> What the task requires
Each line of the entries below that includes "also" belongs in your answer.

[Collected data]
• • •

lemma pow_div_fact_le_exp:
  fixes x :: real
  assumes "0 \<le> x"
  shows "x ^ n / fact n \<le> exp x"
proof -
  have "summable (\<lambda>m. x ^ m /\<^sub>R fact m)" using exp_converges[of x] by (rule sums_summable)
  hence "sum (\<lambda>m. x ^ m /\<^sub>R fact m) {n} \<le> suminf (\<lambda>m. x ^ m /\<^sub>R fact m)"
    by (rule sum_le_suminf) (use assms in auto)
  thus ?thesis by (simp add: exp_def divide_inverse mult.commute)
qed

section \<open>Lagrange interpolation\<close>

lemma lagrange_interpolation:
  fixes p :: "'a::field poly" and x :: "'b \<Rightarrow> 'a"
  assumes "finite S" "inj_on x S" "degree p < card S"
  shows "poly p z = (\<Sum>j\<in>S. poly p (x j) * (\<Prod>k\<in>S - {j}. z - x k) / (\<Prod>k\<in>S - {j}. x j - x k))"
proof -
  define c where "c j = poly p (x j) / (\<Prod>k\<in>S - {j}. x j - x k)" for j
  define q where "q = (\<Sum>j\<in>S. smult (c j) (\<Prod>k\<in>S - {j}. [:- x k, 1:]))"
  have "degree q \<le> card S - 1" unfolding q_def
  proof (rule degree_sum_le[OF assms(1)])
    fix j assume "j \<in> S"
    have "degree (\<Prod>k\<in>S - {j}. [:- x k, 1:]) \<le> (\<Sum>k\<in>S - {j}. degree [:- x k, 1:])"
      using degree_prod_sum_le[of "S - {j}" "\<lambda>k. [:- x k, 1:]"] assms(1) by simp
    also have "\<dots> = card S - 1" using \<open>j \<in> S\<close> assms(1) by simp
    finally show "degree (smult (c j) (\<Prod>k\<in>S - {j}. [:- x k, 1:])) \<le> card S - 1"
      using degree_smult_le order.trans by blast
  qed
  hence "degree q < card (x ` S)" using assms by (simp add: card_image)
  moreover have "poly p (x i) = poly q (x i)" if i: "i \<in> S" for i
  proof -
    have vanish: "(\<Prod>k\<in>S - {j}. x i - x k) = 0" if "j \<in> S - {i}" for j
      using that i assms(1) by (intro prod_zero) auto
    have "poly q (x i) = (\<Sum>j\<in>S. c j * (\<Prod>k\<in>S - {j}. x i - x k))"
      by (simp add: q_def poly_sum poly_prod)
    also have "\<dots> = c i * (\<Prod>k\<in>S - {i}. x i - x k) + (\<Sum>j\<in>S - {i}. c j * (\<Prod>k\<in>S - {j}. x i - x k))"
      using i assms(1) by (simp add: sum.remove)
    also have "(\<Sum>j\<in>S - {i}. c j * (\<Prod>k\<in>S - {j}. x i - x k)) = 0"
      by (rule sum.neutral) (simp add: vanish)
    moreover have "(\<Prod>k\<in>S - {i}. x i - x k) \<noteq> 0"
      using assms(1,2) i by (auto simp: inj_on_def)
    ultimately show ?thesis by (simp add: c_def)
  qed
  ultimately have "p = q"
    using assms by (intro poly_eqI_degree[where A = "x ` S"]) (auto simp: card_image)
  hence "poly p z = poly q z" by simp
  thus ?thesis by (simp add: q_def c_def poly_sum poly_prod)
qed

lemma norm_lagrange_interpolation_le:
  fixes p :: "'a::real_normed_field poly" and x :: "'b \<Rightarrow> 'a" and B C :: real
  assumes "finite S" "inj_on x S" "degree p < card S"
    and node_bound: "\<And>j. j \<in> S \<Longrightarrow> norm (poly p (x j)) \<le> B"
    and ratio_bound: "\<And>j. j \<in> S \<Longrightarrow> (\<Prod>k\<in>S - {j}. norm (z - x k)) \<le> C * (\<Prod>k\<in>S - {j}. norm (x j - x k))"
  shows "norm (poly p z) \<le> real (card S) * B * C"
proof -
  have "norm (poly p (x j) * (\<Prod>k\<in>S - {j}. z - x k) / (\<Prod>k\<in>S - {j}. x j - x k)) \<le> B * C"
    if j: "j \<in> S" for j
  proof -
    have "0 < (\<Prod>k\<in>S - {j}. norm (x j - x k))"
      using assms(1,2) j by (intro prod_pos) (auto simp: inj_on_def)
    hence "(\<Prod>k\<in>S - {j}. norm (z - x k)) / (\<Prod>k\<in>S - {j}. norm (x j - x k)) \<le> C"
      using ratio_bound[OF j] by (simp add: divide_le_eq)
    moreover have "0 \<le> B" using node_bound[OF j] norm_ge_zero order.trans by blast
    ultimately have "norm (poly p (x j)) * ((\<Prod>k\<in>S - {j}. norm (z - x k)) / (\<Prod>k\<in>S - {j}. norm (x j - x k)))
                     \<le> B * C"
      using node_bound[OF j] by (intro mult_mono) (auto intro!: prod_nonneg divide_nonneg_nonneg)
    thus ?thesis by (simp add: norm_mult norm_divide prod_norm)
  qed
  hence "norm (poly p z) \<le> (\<Sum>j\<in>S. B * C)"
    unfolding lagrange_interpolation[OF assms(1-3), of z] by (intro sum_norm_le)
  thus ?thesis by simp
qed

section \<open>Rotated roots of unity\<close>

definition rotated_root :: "nat \<Rightarrow> real \<Rightarrow> nat \<Rightarrow> complex" where
  "rotated_root M t k = cis (t + 2 * pi * real k / real M)"

lemma norm_rotated_root [simp]: "norm (rotated_root M t k) = 1"
  by (simp add: rotated_root_def)

lemma rotated_root_pow:
  assumes "M > 0"
  shows "rotated_root M t k ^ M = cis (real M * t)"
proof -
  have "rotated_root M t k ^ M = cis (real M * t + 2 * pi * real k)"
    using assms unfolding rotated_root_def Complex.DeMoivre by (simp add: algebra_simps)
  also have "\<dots> = cis (real M * t) * cis (2 * pi * real k)" by (rule cis_mult[symmetric])
  also have "cis (2 * pi * real k) = 1" by (rule cis_multiple_2pi) simp
  finally show ?thesis by simp
qed

lemma inj_on_rotated_root:
  assumes "M > 0"
  shows "inj_on (rotated_root M t) {..<M}"
proof (rule inj_onI)
  fix k l assume k: "k \<in> {..<M}" and l: "l \<in> {..<M}"
    and eq: "rotated_root M t k = rotated_root M t l"
  have "cis (t + 2 * pi * real k / real M) / cis (t + 2 * pi * real l / real M) = 1"
    using eq by (simp add: rotated_root_def)
  hence "cis ((t + 2 * pi * real k / real M) - (t + 2 * pi * real l / real M)) = 1"
    by (simp only: cis_divide)
  hence "cos (2 * pi * (real k - real l) / real M) = 1"
    by (simp add: complex_eq_iff diff_divide_distrib right_diff_distrib)
  then obtain m :: int where "2 * pi * (real k - real l) / real M = of_int m * 2 * pi"
    by (auto simp: cos_one_2pi_int)
  hence "pi * (2 * (real k - real l - of_int m * real M)) = 0" using assms by (simp add: field_simps)
  hence "real k - real l = of_int m * real M" by simp
  hence m: "int k - int l = m * int M" by (metis of_int_eq_iff of_int_mult of_int_of_nat_eq of_int_diff)
  have "\<bar>int k - int l\<bar> < int M" using k l by auto
  hence "\<bar>m\<bar> * int M < 1 * int M" by (simp add: m abs_mult)
  hence "\<bar>m\<bar> < 1" by (simp only: mult_less_cancel_right)
  hence "m = 0" by simp
  thus "k = l" using m by simp
qed
lemma null_P_of_null_on_supports:
  assumes "P \<in> \<P>" "A \<in> F" "\<And>Q. Q \<in> \<Q> \<Longrightarrow> emeasure P (A \<inter> S Q) = 0"
  shows "emeasure P A = 0"
proof -
  obtain Qs :: "nat \<Rightarrow> 'a measure" where Qs: "range Qs \<subseteq> \<Q>"
    and cover: "\<Omega> - (\<Union>n. S (Qs n)) \<in> null_sets P"
    by (rule supports_cover[OF assms(1)])
  have supports_F: "(\<Union>n. S (Qs n)) \<in> F"
    using Qs support_in_F by (intro countable_nat_UN) auto
  have "A \<inter> S (Qs n) \<in> null_sets P" for n
    using Qs assms support_in_F by (auto simp: null_sets_def sets_P Int)
  then have "(\<Union>n. A \<inter> S (Qs n)) \<in> null_sets P"
    by blast
  moreover have "A - (\<Union>n. S (Qs n)) \<in> null_sets P"
    using assms(2) supports_F sets_into_space
    by (intro null_sets_subset[OF cover]) (auto simp: sets_P[OF assms(1)] Diff)
  moreover have "A = (\<Union>n. A \<inter> S (Qs n)) \<union> (A - (\<Union>n. S (Qs n)))"
    by blast
  ultimately show ?thesis
    by (metis null_sets.Un null_setsD1)
qed

lemma sigma_algebra_compl_sets_P: "sigma_algebra \<Omega> (compl_sets \<Omega> \<P>)"
  using space_P by (rule sigma_algebra_compl_sets)

lemma F_subset_compl_sets: "F \<subseteq> compl_sets \<Omega> \<P>"
  using sets_into_space by (auto simp: compl_sets_eq sets_P)

lemma compl_sets_intermediate:
  assumes "Q \<in> \<Q>"
  shows "sigma_algebra (space Q) (compl_sets \<Omega> \<P>)" "sets Q \<subseteq> compl_sets \<Omega> \<P>"
    and "compl_sets \<Omega> \<P> \<subseteq> sets (completion Q)"
proof -
  show "sigma_algebra (space Q) (compl_sets \<Omega> \<P>)"
    using sigma_algebra_compl_sets_P by (simp add: space_Q[OF assms])
  show "sets Q \<subseteq> compl_sets \<Omega> \<P>"
    using F_subset_compl_sets by (simp add: sets_Q[OF assms])
  show "compl_sets \<Omega> \<P> \<subseteq> sets (completion Q)"
    unfolding compl_sets_P_eq_Q unfolding compl_sets_eq using INF_lower[OF assms] by (rule le_infI2)
qed

abbreviation extension :: "'a measure \<Rightarrow> 'a measure" where
  "extension Q \<equiv> completion_on (compl_sets \<Omega> \<P>) Q"

lemma prob_on_extension:
  "Q \<in> \<Q> \<Longrightarrow> prob_on \<Omega> (compl_sets \<Omega> \<P>) (extension Q)"
  using prob_space_completion_on[OF prob_space_Q] compl_sets_intermediate
  by (auto simp: prob_on_def sets_completion_on space_Q)

lemma restrict_to_extension:
  "Q \<in> \<Q> \<Longrightarrow> restrict_to F (extension Q) = Q"
  using restrict_to_completion_on[OF compl_sets_intermediate] by (simp add: sets_Q)

lemma emeasure_extension_support:
  assumes "Q \<in> \<Q>"
  shows "emeasure (extension Q) (S Q) = 1"
proof -
  have "emeasure (extension Q) (S Q) = emeasure (completion Q) (S Q)"
    using support_in_F[OF assms] F_subset_compl_sets
    by (intro emeasure_completion_on compl_sets_intermediate[OF assms]) blast
  also have "\<dots> = 1"
    using support_in_F[OF assms] emeasure_support[OF assms assms] by (simp add: sets_Q[OF assms])
  finally show ?thesis .
qed

lemma compl_sets_extensions:
  "compl_sets \<Omega> (extension ` \<Q>) = compl_sets \<Omega> \<P>"
proof -
  have "compl_sets \<Omega> (extension ` \<Q>) =
      Pow \<Omega> \<inter> (\<Inter>R\<in>extension ` \<Q>. sets (completion R))"
    by (rule compl_sets_eq)
  also have "\<dots> = Pow \<Omega> \<inter> (\<Inter>Q\<in>\<Q>. sets (completion Q))"
    using sets_completion_completion_on[OF compl_sets_intermediate] by simp
  also have "\<dots> = compl_sets \<Omega> \<Q>"
    by (rule compl_sets_eq[symmetric])
  also have "\<dots> = compl_sets \<Omega> \<P>"
    by (rule compl_sets_P_eq_Q[symmetric])
  finally show ?thesis .
qed

lemma hahn_property_if_disjoint_supports:
  assumes disjoint: "\<forall>Q\<in>\<Q>. \<forall>R\<in>\<Q>. Q \<noteq> R \<longrightarrow> S Q \<inter> S R = {}"
  shows "hahn_property \<Omega> F \<P>"
proof -
  define W where "W R = S (restrict_to F R)" for R
  have W: "W (extension Q) = S Q" if "Q \<in> \<Q>" for Q
    using restrict_to_extension[OF that] by (simp add: W_def)
  have "restrict_to F ` extension ` \<Q> = \<Q>"
    using restrict_to_extension by (simp add: image_image)
  then have polar: "\<forall>Z. polar F \<P> Z = polar F (restrict_to F ` extension ` \<Q>) Z"
    by (simp add: polar_P_eq_polar_Q)
  have supports: "\<forall>R\<in>extension ` \<Q>. W R \<in> compl_sets \<Omega> \<P> \<and> emeasure R (W R) = 1"
    using W emeasure_extension_support support_in_F F_subset_compl_sets by auto
  have disjoint_W:
    "\<forall>R\<in>extension ` \<Q>. \<forall>R'\<in>extension ` \<Q>. R \<noteq> R' \<longrightarrow> W R \<inter> W R' = {}"
    using W disjoint by fastforce
  have null: "\<forall>A\<in>F. \<forall>P\<in>\<P>.
      (\<forall>R\<in>extension ` \<Q>. emeasure (completion P) (A \<inter> W R) = 0) \<longrightarrow> emeasure P A = 0"
  proof (intro ballI impI)
    fix A P assume "A \<in> F" "P \<in> \<P>"
      and null: "\<forall>R\<in>extension ` \<Q>. emeasure (completion P) (A \<inter> W R) = 0"
    show "emeasure P A = 0"
    proof (rule null_P_of_null_on_supports[OF \<open>P \<in> \<P>\<close> \<open>A \<in> F\<close>])
      fix Q assume "Q \<in> \<Q>"
      then have "A \<inter> S Q \<in> sets P"
        using \<open>A \<in> F\<close> support_in_F by (simp add: Int sets_P[OF \<open>P \<in> \<P>\<close>])
      then show "emeasure P (A \<inter> S Q) = 0"
        using null \<open>Q \<in> \<Q>\<close> W by force
    qed
  qed
  show ?thesis
    unfolding hahn_property_def
    using prob_on_extension polar compl_sets_extensions supports disjoint_W null
    by (intro exI[of _ "extension ` \<Q>"] exI[of _ W] conjI) auto
qed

• • •

> Solved exercise
    also have "\<dots> = card S - 1" using \<open>j \<in> S\<close> assms(1) by simp
    also have "\<dots> = c i * (\<Prod>k\<in>S - {i}. x i - x k) + (\<Sum>j\<in>S - {i}. c j * (\<Prod>k\<in>S - {j}. x i - x k))"
    also have "(\<Sum>j\<in>S - {i}. c j * (\<Prod>k\<in>S - {j}. x i - x k)) = 0"
  also have "\<dots> = cis (real M * t) * cis (2 * pi * real k)" by (rule cis_mult[symmetric])
  also have "cis (2 * pi * real k) = 1" by (rule cis_multiple_2pi) simp
  also have "\<dots> = 1"
  also have "\<dots> = Pow \<Omega> \<inter> (\<Inter>Q\<in>\<Q>. sets (completion Q))"
  also have "\<dots> = compl_sets \<Omega> \<Q>"
  also have "\<dots> = compl_sets \<Omega> \<P>"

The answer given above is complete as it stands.